Rozdział 5

16K 650 45
                                    

Lexi...

Obudziło mnie tępe pulsowanie w skroniach. Boże! Czułam się, jak przejechana przez pociąg. Bolał mnie dosłownie każdy mięsień, a w głowie miałam totalną pustkę. Uchyliłam powieki jęcząc boleśnie, gdy wschodzące kalifornijskie słońce wdarło się do mojego mózgu, jak żrący kwas. Gdzie ja jestem? Znajomy zapach płynu do płukania mógł oznaczać, że jestem we własnym łóżku. Problem w tym, że zupełnie nie pamiętam, jak się w nim znalazłam i kiedy.

Podniosłam się na łokciach, z trudem powstrzymując odruch wymiotny i zerknęłam na stojący na stoliku nocnym zegarek. Niebieskie kropeczki uformowały się w cyfrę pięćset trzydzieści sześć. Zdezorientowana rozejrzałam się dookoła z ulgą witając znajome otoczenie.

Dzięki ci, Boże! Byłam we własnym łóżku! Ostatnie co pamiętam to impreza, na której byłam z Grantem i nasz taniec. Czy to było wczoraj? Po tym, jak huczy mi w głowie, to musiało być wczoraj. Żaden kac nie utrzyma się dłużej. To znaczy, że dzisiaj jest niedziela. Coś mi świtało, że jutrzejszy dzień jest ważny, ale nie mogłam sobie przypomnieć dlaczego.

W końcu, przełamując się, zwlekłam się z łóżka, stając na trzęsących się nogach. Jezu! Jeszcze nigdy nie miałam takiego kaca. Nawet za czasów studenckich, gdy impreza goniła imprezę, nie doprowadziłam się do takiego stanu. Powłócząc nogami wtoczyłam się do łazienki, dziękując Bogu, że moja sypialnia znajduje się na dole.

Na widok swojego odbicia w lustrze miałam ochotę krzyczeć ze złości. Rozmazany makijaż wyglądał, jak u klauna. Zaschnięte strużki czarnej masakry wyglądały, jak ślady czarnych łez pod opuchniętymi powiekami. Przytrzymując się dla zachowania równowagi szklanej przegrody, włączyłam prysznic, modląc się o cud pamięci i zdjęłam bieliznę.

Jęknęłam, czując chłodne krople wody na rozgrzanym ciele, ale zagryzłam zęby, stojąc pod strugami wody lejącej się na mnie z dużej deszczownicy. Ze wszystkich sił starałam się przypomnieć sobie to, co się wydarzyło na imprezie, jednak ostatnia noc zupełnie wypłynęła z mojego mózgu. Poza nielicznymi urywkami, gdy tańczyłam z Grantem, totalna pustka. Zaciskając zęby zmieniłam strumień wody na gorący, pozwalając parzącym kroplom zmyć ze mnie pot i rozgrzać zziębnięte ciało.

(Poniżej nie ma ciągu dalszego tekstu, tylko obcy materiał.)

lemma spline_approximation_error_lower_bound:
  fixes n k :: nat
  assumes "even k" "0 < k"
  obtains K where "K > 0"
    "\<And>a b P. -1/2 \<le> a \<Longrightarrow> a < b \<Longrightarrow> b \<le> 1 \<Longrightarrow> degree P \<le> n \<Longrightarrow> 0 \<le> poly P a \<Longrightarrow>
       (\<And>i. i < k \<Longrightarrow> poly ((pderiv ^^ i) P) b = spline_deriv k a b i b) \<Longrightarrow>
       fact k \<le> K * supnorm (\<lambda>x. spline_deriv k a b 0 x - poly P x)"
proof -
  obtain T :: "real set" where T: "finite T" "card T = Suc n" "T \<subseteq> {-1..-1/2}"
    using infinite_arbitrarily_large[of "{-1..-1/2::real}" "Suc n"] by auto
  obtain K where "K > 0" and K: "\<And>P M x. degree P < card T \<Longrightarrow> (\<And>t. t \<in> T \<Longrightarrow> \<bar>poly P t\<bar> \<le> M) \<Longrightarrow>
      x \<in> {-1..1} \<Longrightarrow> \<bar>poly ((pderiv ^^ k) P) x\<bar> \<le> K * M"
    using higher_pderiv_bounded_by_values[OF T(1) compact_Icc, where m = k] by metis
  show thesis
  proof (rule that[OF \<open>K > 0\<close>])
    fix a b :: real and P :: "real poly"
    assume a: "-1/2 \<le> a" "a < b" "b \<le> 1" and deg: "degree P \<le> n" and "0 \<le> poly P a"
      and jet: "\<And>i. i < k \<Longrightarrow> poly ((pderiv ^^ i) P) b = spline_deriv k a b i b"
    define E where "E = supnorm (\<lambda>x. spline_deriv k a b 0 x - poly P x)"
    obtain t where t: "a < t" "t < b" and large: "fact k \<le> poly ((pderiv ^^ k) P) t"
      using matching_spline_jet_forces_large_derivative[OF assms a(2) \<open>0 \<le> poly P a\<close> jet] by blast
    have "\<bar>poly P s\<bar> \<le> E" if "s \<in> T" for s
    proof -
      have s: "s \<in> {-1..1}" "s \<le> a"
        using T(3) that a(1) by auto
      then have "\<bar>poly P s\<bar> = \<bar>spline_deriv k a b 0 s - poly P s\<bar>"
        using spline_deriv_eq_0[of a b s] a(2) by simp
      also have "\<dots> \<le> E"
        unfolding E_def using s(1) by (intro abs_le_supnorm continuous_intros continuous_on_spline_deriv)
      finally show ?thesis .
    qed
    then have "\<bar>poly ((pderiv ^^ k) P) t\<bar> \<le> K * E"
      using K deg T(2) t a by auto
    with large show "fact k \<le> K * E"
      by linarith
  qed
qed


lemma spline_approximation_error_exceeds:
  fixes n r :: nat and A :: real
  assumes "odd r" "A > 0"
  obtains \<delta> where "\<delta> > 0"
    "\<And>a b P. -1/2 \<le> a \<Longrightarrow> a < b \<Longrightarrow> b \<le> 1 \<Longrightarrow> b - a \<le> \<delta> \<Longrightarrow> degree P \<le> n \<Longrightarrow> 0 \<le> poly P a \<Longrightarrow>
       (\<And>i. i \<le> r \<Longrightarrow> poly ((pderiv ^^ i) P) b = spline_deriv (Suc r) a b i b) \<Longrightarrow>
       A * supnorm (spline_deriv (Suc r) a b r) < supnorm (\<lambda>x. spline_deriv (Suc r) a b 0 x - poly P x)"
proof -
  obtain K where "K > 0" and K: "\<And>a b P. -1/2 \<le> a \<Longrightarrow> a < b \<Longrightarrow> b \<le> 1 \<Longrightarrow> degree P \<le> n \<Longrightarrow>
      0 \<le> poly P a \<Longrightarrow> (\<And>i. i < Suc r \<Longrightarrow> poly ((pderiv ^^ i) P) b = spline_deriv (Suc r) a b i b) \<Longrightarrow>
      fact (Suc r) \<le> K * supnorm (\<lambda>x. spline_deriv (Suc r) a b 0 x - poly P x)"
    using spline_approximation_error_lower_bound[of "Suc r" n] assms(1) by auto
  show thesis
  proof (rule that[of "1 / (2 * A * K)"])
    show "1 / (2 * A * K) > 0"
      using \<open>K > 0\<close> assms(2) by simp
    fix a b :: real and P :: "real poly"
    assume ab: "-1/2 \<le> a" "a < b" "b \<le> 1" "b - a \<le> 1 / (2 * A * K)"
      and "degree P \<le> n" "0 \<le> poly P a"
      and "\<And>i. i \<le> r \<Longrightarrow> poly ((pderiv ^^ i) P) b = spline_deriv (Suc r) a b i b"
    then have error: "fact (Suc r) \<le> K * supnorm (\<lambda>x. spline_deriv (Suc r) a b 0 x - poly P x)"
      by (intro K) (auto simp: less_Suc_eq_le)
    have small: "A * K * (b - a) \<le> 1/2"
      using ab(4) \<open>K > 0\<close> assms(2) by (simp add: field_simps)
    have "supnorm (spline_deriv (Suc r) a b r) \<le> fact (Suc r) * (b - a)"
      using abs_spline_deriv_le[of a b r] ab(2) by (intro supnorm_le) simp
    then have "K * (A * supnorm (spline_deriv (Suc r) a b r)) \<le> fact (Suc r) * (A * K * (b - a))"
      using mult_left_mono[of _ _ "K * A"] \<open>K > 0\<close> assms(2) by (simp add: mult_ac)
    also have "\<dots> \<le> fact (Suc r) / 2"
      using mult_left_mono[OF small, of "fact (Suc r)"] by simp
    also have "\<dots> < fact (Suc r)"
      by simp
    also note error
    finally show "A * supnorm (spline_deriv (Suc r) a b r)
        < supnorm (\<lambda>x. spline_deriv (Suc r) a b 0 x - poly P x)"
      using \<open>K > 0\<close> by simp
  qed
qed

Podskoczyłam ze strachu słysząc głośne łomotanie do drzwi.

- D'Angelo!

Cholera! Zakneblujcie gnoja, który się tak wydziera, albo własnoręcznie go zakatrupię! Zaciskając powieki, spłukałam pośpiesznie szampon. Nawet we własnej łazience nie mam chwili spokoju, myślałam wycierając się ręcznikiem. Każdy ruch był jak puszczony w zwolnionym tempie, a łomotanie w skroniach przybierało na sile, jak ryk silników rakiety.

- Czego, do cholery, się tak wydzierasz? – wychrypiałam otwierając drzwi.

Grant, w samych bokserkach i ze zmierzwionymi włosami chodził po mojej sypialni, jak lew w klatce. Widząc mnie zamarł w pół kroku i zmierzył spojrzeniem od stóp do zaczerwienionej twarzy.

- Żyjesz!

- Przestaniesz się w końcu drzeć? – warknęłam chwytając się za głowę, jakby miała zaraz eksplodować.

- Lexi, kurwa! Myślałem, że coś ci się stało.

- Jak widzisz, jestem cała i zdrowa – mruknęłam wychodząc z sypialni. Jedyne, o czym teraz marzyłam, to mocna kawa i jakieś proszki od bólu głowy. – Co ty w ogóle tutaj robisz?

Była niedziela. Grant nawet po całonocnej imprezie, zrywał się bladym świtem i gnał na siłownię. Powinien teraz wyciskać jakieś ciężary, albo robić równie idiotyczne rzeczy, a nie sterczeć jak kołek i patrzeć na mnie, jakby przez noc wyrosła mi druga głowa.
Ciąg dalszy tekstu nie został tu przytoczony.